Data for review →
(* For $u\in\mathcal B$ and $n\ge0$ let $R'_n[u]:=R'[u,\dots,u]$ ($n$ arguments), so $R'_0[u]=\mathrm{id}_{\mathcal B}$. Then for $n\ge1$, $R'_n[u]=\sum_{i=0}^{n-2}R'_i[u]\circ M\big(\gamma[u\,R'_{n-i-2}[u](u)]\big)+R'_{n-1}[u]\circ a^0(u)$, where $M(c)$ denotes left multiplication by $c\in\mathcal B$ and $a^0(u)$ is the map $v\mapsto\Lambda(u\otimes v)$ on $\mathcal B$.
   Context: Let $\mathcal B$ be a unital $*$-algebra with star-linear maps $\gamma:\mathcal B\to\mathcal B$ and $\Lambda:\mathcal B\otimes_{alg}\mathcal B\to\mathcal B$. The linear operators $R'[u_1,\dots,u_k]$ on $\mathcal B$ ($k\ge0$) are defined recursively: $R'[\emptyset]=\mathrm{id}_{\mathcal B}$, and $R'[u_1,\dots,u_k]=\sum_{\pi\in\mathrm{Int}(k)}w(V_1)\circ\cdots\circ w(V_m)$, where $\mathrm{Int}(k)$ is the set of interval partitions of $\{1,\dots,k\}$, $V_1,\dots,V_m$ are the blocks of $\pi$ from left to right, $w(\{i\})$ is $v\mapsto\Lambda(u_i\otimes v)$, and for a block $V=\{p,\dots,q\}$ with $q>p$, $w(V)$ is left multiplication by $\gamma\big[u_p\,R'[u_{p+1},\dots,u_{q-1}](u_q)\big]$. *)

theory Defs
  imports Complex_Main
begin

definition star_algebra :: "(complex \<Rightarrow> 'a::ring_1 \<Rightarrow> 'a) \<Rightarrow> ('a \<Rightarrow> 'a) \<Rightarrow> bool" where
  "star_algebra sm st \<longleftrightarrow>
     (\<forall>a x y. sm a (x + y) = sm a x + sm a y) \<and>
     (\<forall>a b x. sm (a + b) x = sm a x + sm b x) \<and>
     (\<forall>a b x. sm a (sm b x) = sm (a * b) x) \<and>
     (\<forall>x. sm 1 x = x) \<and>
     (\<forall>a x y. sm a x * y = sm a (x * y)) \<and>
     (\<forall>a x y. x * sm a y = sm a (x * y)) \<and>
     (\<forall>x y. st (x + y) = st x + st y) \<and>
     (\<forall>a x. st (sm a x) = sm (cnj a) (st x)) \<and>
     (\<forall>x y. st (x * y) = st y * st x) \<and>
     (\<forall>x. st (st x) = x)"

definition star_linear :: "(complex \<Rightarrow> 'a::ring_1 \<Rightarrow> 'a) \<Rightarrow> ('a \<Rightarrow> 'a) \<Rightarrow> ('a \<Rightarrow> 'a) \<Rightarrow> bool" where
  "star_linear sm st f \<longleftrightarrow>
     (\<forall>x y. f (x + y) = f x + f y) \<and> (\<forall>a x. f (sm a x) = sm a (f x)) \<and>
     (\<forall>x. f (st x) = st (f x))"

text \<open>Star-linear map on the algebraic tensor product B \<otimes> B, represented (by the universal
  property) as the bilinear map L with L x y = \<Lambda>(x \<otimes> y); the star on B \<otimes> B is
  (x \<otimes> y)* = x* \<otimes> y*.\<close>
definition star_bilinear :: "(complex \<Rightarrow> 'a::ring_1 \<Rightarrow> 'a) \<Rightarrow> ('a \<Rightarrow> 'a) \<Rightarrow> ('a \<Rightarrow> 'a \<Rightarrow> 'a) \<Rightarrow> bool" where
  "star_bilinear sm st L \<longleftrightarrow>
     (\<forall>x y z. L (x + y) z = L x z + L y z) \<and> (\<forall>x y z. L x (y + z) = L x y + L x z) \<and>
     (\<forall>a x y. L (sm a x) y = sm a (L x y)) \<and> (\<forall>a x y. L x (sm a y) = sm a (L x y)) \<and>
     (\<forall>x y. L (st x) (st y) = st (L x y))"

text \<open>Interval partitions of {1..k}, encoded as compositions of k: the list of block sizes
  from left to right.\<close>
definition compositions :: "nat \<Rightarrow> nat list set" where
  "compositions k = {c. (\<forall>b\<in>set c. 0 < b) \<and> sum_list c = k}"

fun split_blocks :: "nat list \<Rightarrow> 'a list \<Rightarrow> 'a list list" where
  "split_blocks [] us = []"
| "split_blocks (b # bs) us = take b us # split_blocks bs (drop b us)"

text \<open>R' with a fuel parameter (fuel length us suffices, since inner calls are on strictly
  shorter lists).  For a block blk = [u_p,...,u_q]: if it is a singleton, w = (v \<mapsto> \<Lambda>(u_p \<otimes> v));
  otherwise w = left multiplication by \<gamma>(u_p * R'[u_(p+1),...,u_(q-1)](u_q)).\<close>
fun Rfuel :: "('a::ring_1 \<Rightarrow> 'a) \<Rightarrow> ('a \<Rightarrow> 'a \<Rightarrow> 'a) \<Rightarrow> nat \<Rightarrow> 'a list \<Rightarrow> 'a \<Rightarrow> 'a" where
  "Rfuel \<gamma> \<Lambda> 0 us = id"
| "Rfuel \<gamma> \<Lambda> (Suc n) us =
     (if us = [] then id
      else (\<lambda>v. \<Sum>c\<in>compositions (length us).
              foldr (\<circ>)
                (map (\<lambda>blk. if length blk = 1 then (\<lambda>x. \<Lambda> (hd blk) x)
                             else (\<lambda>x. \<gamma> (hd blk * Rfuel \<gamma> \<Lambda> n (butlast (tl blk)) (last blk)) * x))
                     (split_blocks c us)) id v))"

definition Rprime :: "('a::ring_1 \<Rightarrow> 'a) \<Rightarrow> ('a \<Rightarrow> 'a \<Rightarrow> 'a) \<Rightarrow> 'a list \<Rightarrow> 'a \<Rightarrow> 'a" where
  "Rprime \<gamma> \<Lambda> us = Rfuel \<gamma> \<Lambda> (length us) us"

definition Rn :: "('a::ring_1 \<Rightarrow> 'a) \<Rightarrow> ('a \<Rightarrow> 'a \<Rightarrow> 'a) \<Rightarrow> nat \<Rightarrow> 'a \<Rightarrow> 'a \<Rightarrow> 'a" where
  "Rn \<gamma> \<Lambda> n u = Rprime \<gamma> \<Lambda> (replicate n u)"

end

theory Submission
  imports Defs
begin

text \<open>Splitting off the last block \<open>V\<close> of an interval partition of \<open>{1,\<dots>,n}\<close>
  leaves an arbitrary interval partition of \<open>{1,\<dots>,n - |V|}\<close>, so the defining sum
  factors as \<open>R'[u\<^sub>1,\<dots>,u\<^sub>n] = \<Sum>\<^sub>V R'[u\<^sub>1,\<dots>] \<circ> w(V)\<close>.
  For constant arguments a last block of size 1 contributes \<open>a\<^sup>0(u)\<close> and one of size
  \<open>n - i \<ge> 2\<close> contributes \<open>M(\<gamma>[u R'_(n-i-2)[u](u)])\<close>.\<close>

lemma split_blocks_length_le: "blk \<in> set (split_blocks c us) \<Longrightarrow> length blk \<le> length us"
proof (induction c arbitrary: us)
  case (Cons b c)
  then show ?case by (auto dest!: Cons.IH)
qed simp

lemma Rfuel_fuel_irrelevant:
  "length us \<le> m \<Longrightarrow> length us \<le> m' \<Longrightarrow> Rfuel \<gamma> \<Lambda> m us = Rfuel \<gamma> \<Lambda> m' us"
proof (induction m arbitrary: m' us)
  case 0
  then show ?case by (cases m') auto
next
  case (Suc m)
  show ?case
  proof (cases m')
    case 0
    then show ?thesis using Suc.prems by simp
  next
    case (Suc m'')
    have inner: "Rfuel \<gamma> \<Lambda> m (butlast (tl blk)) = Rfuel \<gamma> \<Lambda> m'' (butlast (tl blk))"
      if "blk \<in> set (split_blocks c us)" "us \<noteq> []" for c blk
    proof (rule Suc.IH)
      have "length blk \<le> length us" using that(1) by (rule split_blocks_length_le)
      then show "length (butlast (tl blk)) \<le> m" "length (butlast (tl blk)) \<le> m''"
        using Suc.prems \<open>m' = Suc m''\<close> that(2) by (auto simp: Suc_le_eq)
    qed
    show ?thesis
      using inner \<open>m' = Suc m''\<close>
      by (auto intro!: sum.cong arg_cong[where f="\<lambda>l. foldr (\<circ>) l id _"] cong: map_cong)
  qed
qed

definition block_op :: "('a::ring_1 \<Rightarrow> 'a) \<Rightarrow> ('a \<Rightarrow> 'a \<Rightarrow> 'a) \<Rightarrow> 'a list \<Rightarrow> 'a \<Rightarrow> 'a" where
  "block_op \<gamma> \<Lambda> blk = (if length blk = 1 then \<Lambda> (hd blk)
      else (\<lambda>x. \<gamma> (hd blk * Rprime \<gamma> \<Lambda> (butlast (tl blk)) (last blk)) * x))"

lemma compositions_0: "compositions 0 = {[]}"
  unfolding compositions_def by auto (metis list.set_sel(1) less_irrefl)

lemma Rprime_eq_sum_compositions:
  "Rprime \<gamma> \<Lambda> us v =
     (\<Sum>c\<in>compositions (length us). foldr (\<circ>) (map (block_op \<gamma> \<Lambda>) (split_blocks c us)) id v)"
proof (cases us)
  case Nil
  then show ?thesis by (simp add: Rprime_def compositions_0)
next
  case (Cons x xs)
  have "Rfuel \<gamma> \<Lambda> (length xs) (butlast (tl blk)) = Rprime \<gamma> \<Lambda> (butlast (tl blk))"
    if "blk \<in> set (split_blocks c us)" for c blk
    using split_blocks_length_le[OF that] Cons unfolding Rprime_def
    by (intro Rfuel_fuel_irrelevant) auto
  then show ?thesis
    using Cons unfolding Rprime_def[of _ _ us]
    by (auto simp: block_op_def intro!: sum.cong arg_cong[where f="\<lambda>l. foldr (\<circ>) l id _"]
        cong: map_cong)
qed

lemma finite_compositions: "finite (compositions k)"
proof (rule finite_subset)
  have "set c \<subseteq> {0..k} \<and> length c \<le> k" if "c \<in> compositions k" for c
  proof -
    from that have pos: "\<forall>b\<in>set c. 0 < b" and sum: "sum_list c = k"
      by (auto simp: compositions_def)
    from pos have "length c \<le> sum_list c" by (induction c) auto
    with sum show ?thesis by (auto simp: member_le_sum_list)
  qed
  then show "compositions k \<subseteq> {c. set c \<subseteq> {0..k} \<and> length c \<le> k}" by blast
  show "finite {c. set c \<subseteq> {0..k} \<and> length c \<le> k}"
    by (rule finite_lists_length_le) simp
qed

lemma compositions_snoc:
  assumes "k \<ge> 1"
  shows "compositions k = (\<lambda>(b, c). c @ [b]) ` Sigma {1..k} (\<lambda>b. compositions (k - b))"
proof
  show "compositions k \<subseteq> (\<lambda>(b, c). c @ [b]) ` Sigma {1..k} (\<lambda>b. compositions (k - b))"
  proof
    fix c assume c: "c \<in> compositions k"
    then have "c \<noteq> []" using assms by (auto simp: compositions_def)
    then have snoc: "c = butlast c @ [last c]" by simp
    then have "sum_list c = sum_list (butlast c) + last c"
      by (metis sum_list_append sum_list_simps add_0_right)
    moreover have "last c > 0" using c \<open>c \<noteq> []\<close> by (auto simp: compositions_def)
    ultimately have "(last c, butlast c) \<in> Sigma {1..k} (\<lambda>b. compositions (k - b))"
      using c by (auto simp: compositions_def dest: in_set_butlastD)
    with snoc show "c \<in> (\<lambda>(b, c). c @ [b]) ` Sigma {1..k} (\<lambda>b. compositions (k - b))"
      by (auto intro!: image_eqI[where x="(last c, butlast c)"])
  qed
qed (auto simp: compositions_def)

lemma split_blocks_take: "split_blocks c us = split_blocks c (take (sum_list c) us)"
  by (induction c arbitrary: us) (auto simp: drop_take)

lemma split_blocks_append:
  "split_blocks (c @ d) us = split_blocks c us @ split_blocks d (drop (sum_list c) us)"
  by (induction c arbitrary: us) (auto simp: add.commute)

lemma foldr_comp_apply: "foldr (\<circ>) fs g v = foldr (\<circ>) fs id (g v)"
  by (induction fs arbitrary: v) auto

lemma Rprime_last_block:
  assumes "us \<noteq> []"
  shows "Rprime \<gamma> \<Lambda> us v = (\<Sum>b=1..length us.
           Rprime \<gamma> \<Lambda> (take (length us - b) us) (block_op \<gamma> \<Lambda> (drop (length us - b) us) v))"
proof -
  define k where "k = length us"
  with assms have "k \<ge> 1" by (simp add: Suc_leI)
  define F where "F c = foldr (\<circ>) (map (block_op \<gamma> \<Lambda>) (split_blocks c us)) id v" for c
  have last_block: "F (c @ [b]) =
      foldr (\<circ>) (map (block_op \<gamma> \<Lambda>) (split_blocks c (take (k - b) us))) id
        (block_op \<gamma> \<Lambda> (drop (k - b) us) v)"
    if "b \<in> {1..k}" "c \<in> compositions (k - b)" for b c
  proof -
    have sum: "sum_list c = k - b" using that(2) by (simp add: compositions_def)
    have "split_blocks (c @ [b]) us = split_blocks c (take (k - b) us) @ [drop (k - b) us]"
      using split_blocks_append[of c "[b]" us] split_blocks_take[of c us] that(1) k_def
      by (simp add: sum)
    then show ?thesis
      unfolding F_def by (simp add: foldr_comp_apply[of _ "block_op \<gamma> \<Lambda> _"])
  qed
  have "Rprime \<gamma> \<Lambda> us v = (\<Sum>c\<in>compositions k. F c)"
    unfolding Rprime_eq_sum_compositions F_def k_def ..
  also have "\<dots> = (\<Sum>(b, c)\<in>Sigma {1..k} (\<lambda>b. compositions (k - b)). F (c @ [b]))"
    unfolding compositions_snoc[OF \<open>k \<ge> 1\<close>]
    by (subst sum.reindex) (auto simp: inj_on_def case_prod_beta)
  also have "\<dots> = (\<Sum>b=1..k. \<Sum>c\<in>compositions (k - b). F (c @ [b]))"
    by (rule sum.Sigma[symmetric]) (auto simp: finite_compositions)
  also have "\<dots> = (\<Sum>b=1..k.
      Rprime \<gamma> \<Lambda> (take (k - b) us) (block_op \<gamma> \<Lambda> (drop (k - b) us) v))"
  proof (intro sum.cong refl)
    fix b assume b: "b \<in> {1..k}"
    then have len: "length (take (k - b) us) = k - b" using k_def by simp
    show "(\<Sum>c\<in>compositions (k - b). F (c @ [b])) =
        Rprime \<gamma> \<Lambda> (take (k - b) us) (block_op \<gamma> \<Lambda> (drop (k - b) us) v)"
      unfolding Rprime_eq_sum_compositions len using b by (intro sum.cong refl) (simp add: last_block)
  qed
  finally show ?thesis unfolding k_def .
qed

lemma Rn_last_block:
  assumes "n \<ge> 1"
  shows "Rn \<gamma> \<Lambda> n u v = (\<Sum>b=1..n. Rn \<gamma> \<Lambda> (n - b) u (block_op \<gamma> \<Lambda> (replicate b u) v))"
  using assms Rprime_last_block[of "replicate n u" \<gamma> \<Lambda> v]
  by (simp add: Rn_def)

lemma block_op_singleton: "block_op \<gamma> \<Lambda> [u] = \<Lambda> u"
  by (simp add: block_op_def)

lemma butlast_replicate: "butlast (replicate n x) = replicate (n - 1) x"
proof (cases n)
  case (Suc m)
  then have "replicate n x = replicate m x @ [x]" by (simp add: replicate_append_same)
  then show ?thesis using Suc by simp
qed simp

lemma block_op_replicate:
  assumes "b \<ge> 2"
  shows "block_op \<gamma> \<Lambda> (replicate b u) v = \<gamma> (u * Rn \<gamma> \<Lambda> (b - 2) u u) * v"
proof -
  have "butlast (tl (replicate b u)) = replicate (b - 2) u"
    by (simp add: butlast_replicate)
  then show ?thesis
    using assms by (simp add: block_op_def Rn_def)
qed

theorem lemma3p12:
  fixes sm :: "complex \<Rightarrow> 'a::ring_1 \<Rightarrow> 'a" and st :: "'a \<Rightarrow> 'a"
    and \<gamma> :: "'a \<Rightarrow> 'a" and \<Lambda> :: "'a \<Rightarrow> 'a \<Rightarrow> 'a" and u :: 'a and n :: nat
  assumes "star_algebra sm st" and "star_linear sm st \<gamma>" and "star_bilinear sm st \<Lambda>"
    and "n \<ge> 1"
  shows "Rn \<gamma> \<Lambda> n u =
    (\<lambda>v. (\<Sum>i<n - 1. Rn \<gamma> \<Lambda> i u (\<gamma> (u * Rn \<gamma> \<Lambda> (n - i - 2) u u) * v))
         + Rn \<gamma> \<Lambda> (n - 1) u (\<Lambda> u v))"
proof
  fix v
  let ?term = "\<lambda>b. Rn \<gamma> \<Lambda> (n - b) u (block_op \<gamma> \<Lambda> (replicate b u) v)"
  have blocks: "{1..n} = insert 1 ((\<lambda>i. n - i) ` {..<n - 1})"
    using \<open>n \<ge> 1\<close>
  proof (intro equalityI subsetI)
    fix b assume "b \<in> {1..n}"
    then show "b \<in> insert 1 ((\<lambda>i. n - i) ` {..<n - 1})"
      by (cases "b = 1") (auto intro!: image_eqI[where x="n - b"])
  qed auto
  have "Rn \<gamma> \<Lambda> n u v = (\<Sum>b=1..n. ?term b)"
    using \<open>n \<ge> 1\<close> by (rule Rn_last_block)
  also have "\<dots> = ?term 1 + (\<Sum>b\<in>(\<lambda>i. n - i) ` {..<n - 1}. ?term b)"
    unfolding blocks by (rule sum.insert) auto
  also have "(\<Sum>b\<in>(\<lambda>i. n - i) ` {..<n - 1}. ?term b) = (\<Sum>i<n - 1. ?term (n - i))"
    by (subst sum.reindex) (auto simp: inj_on_def)
  also have "(\<Sum>i<n - 1. ?term (n - i)) =
      (\<Sum>i<n - 1. Rn \<gamma> \<Lambda> i u (\<gamma> (u * Rn \<gamma> \<Lambda> (n - i - 2) u u) * v))"
    by (intro sum.cong refl) (auto simp: block_op_replicate diff_diff_add)
  finally show "Rn \<gamma> \<Lambda> n u v = (\<Sum>i<n - 1. Rn \<gamma> \<Lambda> i u (\<gamma> (u * Rn \<gamma> \<Lambda> (n - i - 2) u u) * v))
      + Rn \<gamma> \<Lambda> (n - 1) u (\<Lambda> u v)"
    using \<open>n \<ge> 1\<close> by (simp add: block_op_singleton add.commute)
qed

end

Task objective →
Copy each line holding "bool" from the material above.

Final answer →
definition star_algebra :: "(complex \<Rightarrow> 'a::ring_1 \<Rightarrow> 'a) \<Rightarrow> ('a \<Rightarrow> 'a) \<Rightarrow> bool" where
definition star_linear :: "(complex \<Rightarrow> 'a::ring_1 \<Rightarrow> 'a) \<Rightarrow> ('a \<Rightarrow> 'a) \<Rightarrow> ('a \<Rightarrow> 'a) \<Rightarrow> bool" where
definition star_bilinear :: "(complex \<Rightarrow> 'a::ring_1 \<Rightarrow> 'a) \<Rightarrow> ('a \<Rightarrow> 'a) \<Rightarrow> ('a \<Rightarrow> 'a \<Rightarrow> 'a) \<Rightarrow> bool" where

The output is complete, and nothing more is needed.